** What the task asks **
Locate each line below that includes "longleftrightarrow" and reproduce it.

=== Exercise data ===

(* A multiplicity-one-free word of length 5 in the alphabet $\alpha$ is homotopically skew-symmetric if and only if it is contractible or skew-symmetric.
   Context: Fix a set $\alpha$ with an involution $\tau:\alpha\to\alpha$. An $\alpha$-alphabet is a set $\mathcal A$ with a map $A\mapsto|A|\in\alpha$. An étale word over $\alpha$ is a pair $(\mathcal A,w)$ with $\mathcal A$ an $\alpha$-alphabet and $w$ a finite word in letters of $\mathcal A$; étale words are isomorphic if a bijection of alphabets preserving $|\cdot|$ carries one word letterwise to the other. The opposite of $(\mathcal A,w)$ is $(\mathcal A,w^-)$ with $w^-$ the reversed word; its inverse is $(\overline{\mathcal A},w)$ where $\overline{\mathcal A}$ is $\mathcal A$ with projection $A\mapsto\tau(|A|)$; write $\overline w^-$ for the inverse of the opposite. A nanoword is an étale word with $\mathcal A$ finite and every letter occurring exactly twice. Homotopy moves on nanowords ($x,y,z,t$ words in the remaining letters): (1) $(\mathcal A,xAAy)\mapsto(\mathcal A\setminus\{A\},xy)$; (2) $(\mathcal A,xAByBAz)\mapsto(\mathcal A\setminus\{A,B\},xyz)$ if $|B|=\tau(|A|)$; (3) $(\mathcal A,xAByACzBCt)\mapsto(\mathcal A,xBAyCAzCBt)$ if $A,B,C$ distinct with $|A|=|B|=|C|$. Homotopy of nanowords ($\simeq$) is generated by isomorphisms, these moves and inverses. Desingularization: for an étale word $(\mathcal A,w)$ with $m_w(A)$ the number of occurrences of $A$, let $\mathcal A^d=\{A_{i,j}:1\le i<j\le m_w(A)\}$, $|A_{i,j}|=|A|$, and $w^d$ obtained from $w$ by deleting letters of multiplicity 1 and replacing the $i$-th occurrence of $A$ ($m=m_w(A)\ge2$) by $A_{1,i}\cdots A_{i-1,i}A_{i,i+1}\cdots A_{i,m}$. An étale word $w$ is contractible if $w^d$ is homotopic to the empty nanoword, and homotopically skew-symmetric if $w^d\simeq\overline{w^d}^-$. An étale word is skew-symmetric if it is isomorphic to $\overline w^-$. A word in the alphabet $\alpha$ is regarded as the étale word $(\alpha,w)$ with identity projection. A word is multiplicity-one-free if every letter occurring in it occurs at least twice. *)

theory Defs
  imports Main
begin

(* An etale word over alpha: an alphabet set Al :: 'b set, a projection p :: 'b => 'a
   (the map A |-> |A|), and a word w :: 'b list with letters in Al. *)

definition etale_iso ::
  "'b set \<Rightarrow> ('b \<Rightarrow> 'a) \<Rightarrow> 'b list \<Rightarrow> 'c set \<Rightarrow> ('c \<Rightarrow> 'a) \<Rightarrow> 'c list \<Rightarrow> bool" where
  "etale_iso Al p w Al' p' w' \<longleftrightarrow>
     (\<exists>f. bij_betw f Al Al' \<and> (\<forall>x\<in>Al. p' (f x) = p x) \<and> map f w = w')"

(* a word in alpha is the etale word (alpha, w) with identity projection;
   it is skew-symmetric if isomorphic to the inverse of its opposite *)
definition skew_symmetric :: "('a \<Rightarrow> 'a) \<Rightarrow> 'a list \<Rightarrow> bool" where
  "skew_symmetric \<tau> w \<longleftrightarrow> etale_iso UNIV id w UNIV \<tau> (rev w)"

definition mult_one_free :: "'a list \<Rightarrow> bool" where
  "mult_one_free w \<longleftrightarrow> (\<forall>x\<in>set w. count_list w x \<ge> 2)"

(* Nanowords: alphabet = set of letters of w (finite), each occurring exactly twice *)
definition is_nanoword :: "'b list \<Rightarrow> bool" where
  "is_nanoword w \<longleftrightarrow> (\<forall>x\<in>set w. count_list w x = 2)"

inductive nano_step :: "('a \<Rightarrow> 'a) \<Rightarrow> ('b \<Rightarrow> 'a) \<times> 'b list \<Rightarrow> ('b \<Rightarrow> 'a) \<times> 'b list \<Rightarrow> bool"
  for \<tau> :: "'a \<Rightarrow> 'a" where
  iso: "is_nanoword w \<Longrightarrow> etale_iso (set w) p w (set w') p' w' \<Longrightarrow>
        nano_step \<tau> (p, w) (p', w')"
| move1: "is_nanoword (x @ [A, A] @ y) \<Longrightarrow>
        nano_step \<tau> (p, x @ [A, A] @ y) (p, x @ y)"
| move2: "is_nanoword (x @ [A, B] @ y @ [B, A] @ z) \<Longrightarrow> p B = \<tau> (p A) \<Longrightarrow>
        nano_step \<tau> (p, x @ [A, B] @ y @ [B, A] @ z) (p, x @ y @ z)"
| move3: "is_nanoword (x @ [A, B] @ y @ [A, C] @ z @ [B, C] @ t) \<Longrightarrow>
        A \<noteq> B \<Longrightarrow> A \<noteq> C \<Longrightarrow> B \<noteq> C \<Longrightarrow> p A = p B \<Longrightarrow> p B = p C \<Longrightarrow>
        nano_step \<tau> (p, x @ [A, B] @ y @ [A, C] @ z @ [B, C] @ t)
                    (p, x @ [B, A] @ y @ [C, A] @ z @ [C, B] @ t)"

definition nano_homotopic :: "('a \<Rightarrow> 'a) \<Rightarrow> ('b \<Rightarrow> 'a) \<times> 'b list \<Rightarrow> ('b \<Rightarrow> 'a) \<times> 'b list \<Rightarrow> bool" where
  "nano_homotopic \<tau> = (\<lambda>u v. nano_step \<tau> u v \<or> nano_step \<tau> v u)\<^sup>*\<^sup>*"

===

** Expected answer **
  "etale_iso Al p w Al' p' w' \<longleftrightarrow>
  "skew_symmetric \<tau> w \<longleftrightarrow> etale_iso UNIV id w UNIV \<tau> (rev w)"
  "mult_one_free w \<longleftrightarrow> (\<forall>x\<in>set w. count_list w x \<ge> 2)"
  "is_nanoword w \<longleftrightarrow> (\<forall>x\<in>set w. count_list w x = 2)"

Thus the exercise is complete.